Goldfless SJ, Belmont BJ, de Paz AM, Liu JF, Niles JC - Nucleic Acids Res. (2012)

Bottom Line: Here, we demonstrate the use of a chemically-inducible RNA-protein interaction to regulate eukaryotic translation.By genetically encoding Tet Repressor protein (TetR)-binding RNA elements into the 5'-untranslated region (5'-UTR) of an mRNA, translation of a downstream coding sequence is directly controlled by TetR and tetracycline analogs.In endogenous and synthetic 5'-UTR contexts, this system efficiently regulates the expression of multiple target genes, and is sufficiently stringent to distinguish functional from non-functional RNA-TetR interactions.

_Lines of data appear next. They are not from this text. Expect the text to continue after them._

(* Let $a\in\mathbb F^*$. For all $u\in\mathbb F^n$ and $f\in\mathcal R$ we have $\mathfrak p_a\big(u\,M^\theta_a(\overline f)\big)=\mathfrak p_a(u)\,\overline f$. Consequently, $\mathrm{im}\,M^\theta_a(\overline f)=\mathfrak v_a(\mathcal R\overline f)$, where $\mathcal R\overline f$ is the left $\mathcal R$-submodule of $\mathcal S_a$ generated by $\overline f$.
   Context: $\mathbb F$ is a finite field, $\theta\in\mathrm{Aut}(\mathbb F)$, $\mathcal R=\mathbb F[x;\theta]$ the skew polynomial ring (elements $\sum f_ix^i$ with left coefficients, $xb=\theta(b)x$). Fix $n\in\mathbb N$. $\mathcal S_a=\mathcal R/\mathcal R(x^n-a)$ is a left $\mathcal R$-module, $\overline f$ the coset of $f$; the product $\mathfrak p_a(u)\overline f$ means $\overline{pf}$ for any representative $p$ of $\mathfrak p_a(u)$. $\mathfrak p_a:\mathbb F^n\to\mathcal S_a$, $(c_0,\dots,c_{n-1})\mapsto\overline{\sum_{i=0}^{n-1}c_ix^i}$, $\mathfrak v_a=\mathfrak p_a^{-1}$. $M^\theta_a(\overline f)$ is the $n\times n$ matrix whose row with index $i$ ($0\le i\le n-1$) is $\mathfrak v_a(\overline{x^if})$; $\mathrm{im}$ denotes row space. *)

theory Defs
  imports "HOL-Computational_Algebra.Polynomial" "Jordan_Normal_Form.Matrix"
begin

definition is_field_aut :: "('a::field \<Rightarrow> 'a) \<Rightarrow> bool" where
  "is_field_aut \<theta> \<longleftrightarrow> bij \<theta> \<and> (\<forall>x y. \<theta> (x + y) = \<theta> x + \<theta> y) \<and> (\<forall>x y. \<theta> (x * y) = \<theta> x * \<theta> y)"

text \<open>Skew polynomial ring F[x;theta]: elements are represented by their (left) coefficient
  sequences (type 'a poly); the multiplication is the skew one, x b = theta(b) x, i.e.
  (f_i x^i)(g_j x^j) = f_i theta^i(g_j) x^(i+j).\<close>
definition skew_mult :: "('a::field \<Rightarrow> 'a) \<Rightarrow> 'a poly \<Rightarrow> 'a poly \<Rightarrow> 'a poly" where
  "skew_mult \<theta> f g =
     (\<Sum>i\<le>degree f. \<Sum>j\<le>degree g. monom (coeff f i * (\<theta> ^^ i) (coeff g j)) (i + j))"

text \<open>Equality of cosets in S_a = R / R(x^n - a):  f-bar = g-bar.\<close>
definition skew_cong :: "('a::field \<Rightarrow> 'a) \<Rightarrow> nat \<Rightarrow> 'a \<Rightarrow> 'a poly \<Rightarrow> 'a poly \<Rightarrow> bool" where
  "skew_cong \<theta> n a f g \<longleftrightarrow> (\<exists>q. f - g = skew_mult \<theta> q (monom 1 n - [:a:]))"

text \<open>The representative sum_i c_i x^i of p_a(c); p_a(c) is its coset.\<close>
definition pvec :: "'a::field vec \<Rightarrow> 'a poly" where
  "pvec c = (\<Sum>i<dim_vec c. monom (c $ i) i)"

definition vmap :: "('a::field \<Rightarrow> 'a) \<Rightarrow> nat \<Rightarrow> 'a \<Rightarrow> 'a poly \<Rightarrow> 'a vec" where
  "vmap \<theta> n a g = (THE c. c \<in> carrier_vec n \<and> skew_cong \<theta> n a (pvec c) g)"

definition Mmat :: "('a::field \<Rightarrow> 'a) \<Rightarrow> nat \<Rightarrow> 'a \<Rightarrow> 'a poly \<Rightarrow> 'a mat" where
  "Mmat \<theta> n a f = mat n n (\<lambda>(i, j). vmap \<theta> n a (skew_mult \<theta> (monom 1 i) f) $ j)"

end

theory Submission
  imports Defs "Berlekamp_Zassenhaus.Berlekamp_Type_Based"
begin

text \<open>Combining the rows \<open>x^i f\<close> of \<open>M\<close> with coefficients \<open>u_i\<close> gives \<open>(\<Sum> u_i x^i) f\<close> modulo
  \<open>x^n - a\<close>, since \<open>x^n - a\<close> generates a left ideal; this is the first claim, and it shows that
  the row space lies in \<open>v_a(R f)\<close>. Conversely, \<open>S_a\<close> has only \<open>|F|^n\<close> elements, so two of the
  \<open>|F|^(n+1)\<close> products \<open>h f\<close> with \<open>deg h \<le> n\<close> agree modulo \<open>x^n - a\<close>: some nonzero \<open>h\<close> of
  degree at most \<open>n\<close> annihilates \<open>f\<close>. Right division \<open>g = q h + r\<close> then gives \<open>g f \<equiv> r f\<close>
  with \<open>deg r < n\<close>, so \<open>v_a(g f)\<close> is a row combination.\<close>

lemma field_hom_funpow:
  fixes \<theta> :: "'a::field \<Rightarrow> 'a"
  assumes "field_hom \<theta>"
  shows "field_hom (\<theta> ^^ i)"
proof (induction i)
  case 0
  show ?case by unfold_locales simp_all
next
  case (Suc i)
  interpret \<theta>: field_hom \<theta> by (fact assms)
  interpret \<theta>i: field_hom "\<theta> ^^ i" by (fact Suc)
  show ?case by unfold_locales (simp_all add: \<theta>.hom_add \<theta>.hom_mult \<theta>i.hom_add \<theta>i.hom_mult)
qed

lemma field_hom_if_is_field_aut:
  assumes "is_field_aut \<theta>"
  shows "field_hom \<theta>"
proof -
  have add: "\<theta> (x + y) = \<theta> x + \<theta> y" and mult: "\<theta> (x * y) = \<theta> x * \<theta> y" for x y
    using assms unfolding is_field_aut_def by blast+
  have inj: "inj \<theta>"
    using assms unfolding is_field_aut_def bij_def by blast
  have zero: "\<theta> 0 = 0"
    using add[of 0 0] by (metis add_cancel_right_right)
  have "\<theta> 1 * \<theta> 1 = \<theta> 1 * 1"
    using mult[of 1 1] by simp
  moreover have "\<theta> 1 \<noteq> 0"
    using inj zero by (metis injD one_neq_zero)
  ultimately have one: "\<theta> 1 = 1"
    by simp
  show ?thesis
    by unfold_locales (simp_all add: add mult zero one)
qed

subsection \<open>Coefficient vectors\<close>

lemma coeff_pvec: "coeff (pvec c) k = (if k < dim_vec c then c $ k else 0)"
  unfolding pvec_def by (simp add: coeff_sum)

lemma pvec_vec_coeff: "degree r < n \<Longrightarrow> pvec (vec n (coeff r)) = r"
  by (rule poly_eqI) (auto simp: coeff_pvec coeff_eq_0)

lemma degree_pvec_less: "0 < dim_vec c \<Longrightarrow> degree (pvec c) < dim_vec c"
  by (rule degree_lessI) (auto simp: coeff_pvec)

lemma pvec_inject: "dim_vec c = dim_vec d \<Longrightarrow> pvec c = pvec d \<longleftrightarrow> c = d"
  by (metis coeff_pvec eq_vecI)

View Article: PubMed Central - PubMed

Affiliation: Department of Biological Engineering, Massachusetts Institute of Technology, 77 Massachusetts Avenue, Cambridge, MA 02139, USA.

ABSTRACT
Sequence-specific RNA-protein interactions, though commonly used in biological systems to regulate translation, are challenging to selectively modulate. Here, we demonstrate the use of a chemically-inducible RNA-protein interaction to regulate eukaryotic translation. By genetically encoding Tet Repressor protein (TetR)-binding RNA elements into the 5'-untranslated region (5'-UTR) of an mRNA, translation of a downstream coding sequence is directly controlled by TetR and tetracycline analogs. In endogenous and synthetic 5'-UTR contexts, this system efficiently regulates the expression of multiple target genes, and is sufficiently stringent to distinguish functional from non-functional RNA-TetR interactions. Using a reverse TetR variant, we illustrate the potential for expanding the regulatory properties of the system through protein engineering strategies.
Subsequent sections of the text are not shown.